ASSIGNMENT ▸
Only one stretch of the records below is wanted: the lines from the one holding "unfolding h_def by" through the one holding "using bound[of x]". Return it exactly, both ends included.
Start of Block
(* For $b>\sqrt{\pi/2}$ let $\phi_b$ be the solution of $\phi''=8\pi(1-e^\phi)$ on $\mathbb R$ with smallest period $b$ attaining its maximum at $y=0$, let $\phi_0=\phi_b(0)$, $f_0=e^{\phi_0}-\phi_0$, $\beta=\sqrt\pi\,b$, and define $\rho(\beta,s)=\phi_b(bs/2)$ and $$M=M(\beta)=\frac12\int_0^1\rho(1+e^\rho)\,ds.$$ Then (a) $\displaystyle\frac{dM}{d\beta}=\frac1\beta\int_0^1\rho(1-e^\rho)\,ds$; (b) $\displaystyle\frac{d(\beta M)}{d\beta}=\frac12\int_0^1\rho(3-e^\rho)\,ds=1-f_0$.
   Context: For each $b>\sqrt{\pi/2}$ there is a unique smooth solution $\phi_b$ of $\phi''=8\pi(1-e^{\phi})$ on $\mathbb R$ which is periodic with smallest period $b$ and attains its maximum at $y=0$; it is even, depends smoothly on $b$, and $\rho(\beta,s)$ satisfies $\partial_s^2\rho=2\beta^2(1-e^\rho)$. *)

theory Defs
  imports "HOL-Analysis.Analysis"
begin

definition is_phi_b :: "real \<Rightarrow> (real \<Rightarrow> real) \<Rightarrow> bool" where
  "is_phi_b b \<phi> \<longleftrightarrow>
     (\<forall>y. (\<phi> has_real_derivative deriv \<phi> y) (at y)) \<and>
     (\<forall>y. (deriv \<phi> has_real_derivative 8 * pi * (1 - exp (\<phi> y))) (at y)) \<and>
     b > 0 \<and> (\<forall>y. \<phi> (y + b) = \<phi> y) \<and>
     (\<forall>p. 0 < p \<and> p < b \<longrightarrow> \<not> (\<forall>y. \<phi> (y + p) = \<phi> y)) \<and>
     (\<forall>y. \<phi> y \<le> \<phi> 0)"

definition rho :: "(real \<Rightarrow> real \<Rightarrow> real) \<Rightarrow> real \<Rightarrow> real \<Rightarrow> real" where
  "rho phi \<beta> s = phi (\<beta> / sqrt pi) ((\<beta> / sqrt pi) * s / 2)"

definition Mfun :: "(real \<Rightarrow> real \<Rightarrow> real) \<Rightarrow> real \<Rightarrow> real" where
  "Mfun phi \<beta> = 1/2 * integral {0..1} (\<lambda>s. rho phi \<beta> s * (1 + exp (rho phi \<beta> s)))"

end

theory Submission
  imports Defs
begin

text \<open>Write r x s for rho(x, s). Evenness of phi_b (uniqueness for the ODE through its maximum)
  and periodicity give the Neumann problem r'' = 2 x^2 (1 - exp r), r'(0) = r'(1) = 0 for each x.
  Integrating it gives int exp r = 1, hence int exp r * d_x r = 0. Green's formula makes
  int r_y * 2 x^2 (1 - exp r_x) symmetric in x and y, and differentiating this symmetry in x at
  x = y = beta is exactly the relation that turns M' = 1/2 int (1 + exp r + r exp r) d_beta r into
  (1/beta) int r (1 - exp r). For (b), the first integral r'^2 + 4 beta^2 (exp r - r) = 4 beta^2 f_0
  together with int r r'' = - int r'^2 evaluates int r (3 - exp r).\<close>

lemma abs_exp_diff_le:
  fixes a b m :: real
  assumes "a \<le> m" "b \<le> m"
  shows "\<bar>exp a - exp b\<bar> \<le> exp m * \<bar>a - b\<bar>"
proof -
  have *: "exp y - exp x \<le> exp m * (y - x)" if "x \<le> y" "y \<le> m" for x y :: real
  proof -
    have "exp y - exp x = exp y * (1 - exp (x - y))"
      by (simp add: right_diff_distrib exp_diff)
    also have "\<dots> \<le> exp y * (y - x)"
      using exp_ge_add_one_self[of "x - y"] by (intro mult_left_mono) (linarith, simp)
    also have "\<dots> \<le> exp m * (y - x)"
      using that by (intro mult_right_mono) auto
    finally show ?thesis .
  qed
  show ?thesis
    using *[of a b] *[of b a] assms by (cases "a \<le> b") (auto simp: abs_if)
qed

lemma nonneg_vanishing_by_gronwall:
  fixes E E' :: "real \<Rightarrow> real"
  assumes deriv: "\<And>y. (E has_real_derivative E' y) (at y)"
    and bound: "\<And>y. E' y \<le> C * E y"
    and nonneg: "\<And>y. 0 \<le> E y" and "E 0 = 0" and "0 \<le> y"
  shows "E y = 0"
proof -
  define h where "h y = exp (- C * y) * E y" for y
  have "h y \<le> h 0"
  proof (rule DERIV_nonpos_imp_nonincreasing[OF \<open>0 \<le> y\<close>])
    fix x :: real
    have "(h has_real_derivative exp (- C * x) * (E' x - C * E x)) (at x)"
      unfolding h_def by (auto intro!: derivative_eq_intros deriv simp: algebra_simps)
    moreover have "exp (- C * x) * (E' x - C * E x) \<le> 0"
      using bound[of x] by (intro mult_nonneg_nonpos) auto
    ultimately show "\<exists>d. (h has_real_derivative d) (at x) \<and> d \<le> 0" by blast
  qed
  then show ?thesis
    using \<open>E 0 = 0\<close> nonneg[of y] by (simp add: h_def mult_le_0_iff)
qed

lemma even_of_max_at_0:
  fixes f f' :: "real \<Rightarrow> real" and k :: real
  assumes d1: "\<And>y. (f has_real_derivative f' y) (at y)"
    and d2: "\<And>y. (f' has_real_derivative k * (1 - exp (f y))) (at y)"
    and "0 \<le> k" and max: "\<And>y. f y \<le> f 0"
  shows "f (-y) = f y"
proof -
  have "f' 0 = 0"
    by (rule DERIV_local_max[OF d1, of 1]) (auto simp: max)
  \<comment> \<open>\<open>(g, g')\<close> solves the same first-order system as \<open>(f, f')\<close> with the same data at 0\<close>
  define g where "g y = f (-y)" for y
  define g' where "g' y = - f' (-y)" for y
  have g1: "(g has_real_derivative g' y) (at y)" for y
    unfolding g_def g'_def using DERIV_chain2[OF d1 DERIV_minus[OF DERIV_ident]] by (simp add: o_def)
  have g2: "(g' has_real_derivative k * (1 - exp (g y))) (at y)" for y
    unfolding g_def g'_def
    using DERIV_minus[OF DERIV_chain2[OF d2 DERIV_minus[OF DERIV_ident]]] by (simp add: o_def)
  define C where "C = 1 + k * exp (f 0)"
  define E where "E y = (f y - g y)^2 + (f' y - g' y)^2" for y
  define E' where "E' y = 2 * (f y - g y) * (f' y - g' y) + 2 * (f' y - g' y) * (k * (exp (g y) - exp (f y)))" for y
  have dE: "(E has_real_derivative E' y) (at y)" for y
    unfolding E_def E'_def by (auto intro!: derivative_eq_intros d1 d2 g1 g2 simp: algebra_simps)
  have E'_bound: "E' y \<le> C * E y" for y
  proof -
    let ?d = "\<bar>f y - g y\<bar>" and ?e = "\<bar>f' y - g' y\<bar>"
    have "(f' y - g' y) * (exp (g y) - exp (f y)) \<le> ?e * \<bar>exp (g y) - exp (f y)\<bar>"
      by (metis abs_ge_self abs_mult)
    also have "\<dots> \<le> ?e * (exp (f 0) * ?d)"
      using abs_exp_diff_le[OF max[of "-y"] max[of y]]
      by (intro mult_left_mono) (simp_all add: g_def abs_minus_commute)
    finally have "k * ((f' y - g' y) * (exp (g y) - exp (f y))) \<le> k * (?e * (exp (f 0) * ?d))"
      using \<open>0 \<le> k\<close> by (rule mult_left_mono)
    moreover have "(f y - g y) * (f' y - g' y) \<le> ?d * ?e"
      by (metis abs_ge_self abs_mult)
    ultimately have "E' y \<le> C * (2 * ?d * ?e)"
      by (simp add: E'_def C_def algebra_simps)
    also have "\<dots> \<le> C * E y"
      using \<open>0 \<le> k\<close> sum_squares_bound[of ?d ?e]
      by (intro mult_left_mono) (auto simp: E_def C_def power2_eq_square)
    finally show ?thesis .
  qed
  have E_0: "E 0 = 0" using \<open>f' 0 = 0\<close> by (simp add: E_def g_def g'_def)
  have "E y = 0" if "0 \<le> y" for y
    by (rule nonneg_vanishing_by_gronwall[OF dE E'_bound _ E_0 that]) (simp add: E_def)
  then have "f y = f (-y)" if "0 \<le> y" for y
    using that by (simp add: E_def g_def add_nonneg_eq_0_iff)
  from this[of y] this[of "-y"] show ?thesis by (cases "0 \<le> y") auto
qed

lemma is_phi_bD:
  assumes "is_phi_b b f"
  shows "(f has_real_derivative deriv f y) (at y)"
    and "(deriv f has_real_derivative 8 * pi * (1 - exp (f y))) (at y)"
    and "f (y + b) = f y" and "f y \<le> f 0"
  using assms unfolding is_phi_b_def by blast+

lemma is_phi_b_even:
  assumes "is_phi_b b f"
  shows "f (-y) = f y"
  by (rule even_of_max_at_0[OF is_phi_bD(1,2)[OF assms]]) (auto intro: is_phi_bD(4)[OF assms])

lemma is_phi_b_deriv_0:
  assumes "is_phi_b b f"
  shows "deriv f 0 = 0"
  by (rule DERIV_local_max[OF is_phi_bD(1)[OF assms], of 1]) (auto intro: is_phi_bD(4)[OF assms])

text \<open>Evenness and periodicity make \<open>f\<close> symmetric about the half period.\<close>
lemma is_phi_b_deriv_half_period:
  assumes "is_phi_b b f"
  shows "deriv f (b/2) = 0"
proof -
  have symm: "f (b/2 - t) = f (b/2 + t)" for t
  proof -
    have "f (b/2 + t) = f ((t - b/2) + b)" by (simp add: algebra_simps)
    also have "\<dots> = f (t - b/2)" by (rule is_phi_bD(3)[OF assms])
    also have "\<dots> = f (- (b/2 - t))" by simp
    also have "\<dots> = f (b/2 - t)" by (rule is_phi_b_even[OF assms])
    finally show ?thesis by simp
  qed
  have right: "((\<lambda>t. f (b/2 + t)) has_real_derivative deriv f (b/2) * 1) (at 0)"
    using is_phi_bD(1)[OF assms, of "b/2"]
    by (intro DERIV_chain2[where g="\<lambda>t. b/2 + t"]) (auto intro!: derivative_eq_intros)
  have left: "((\<lambda>t. f (b/2 - t)) has_real_derivative deriv f (b/2) * (-1)) (at 0)"
    using is_phi_bD(1)[OF assms, of "b/2"]
    by (intro DERIV_chain2[where g="\<lambda>t. b/2 - t"]) (auto intro!: derivative_eq_intros)
  show ?thesis
    using DERIV_unique[OF right left[unfolded symm]] by simp
qed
End of Block
RESULT ▸
      unfolding h_def by (auto intro!: derivative_eq_intros deriv simp: algebra_simps)
    moreover have "exp (- C * x) * (E' x - C * E x) \<le> 0"
      using bound[of x] by (intro mult_nonneg_nonpos) auto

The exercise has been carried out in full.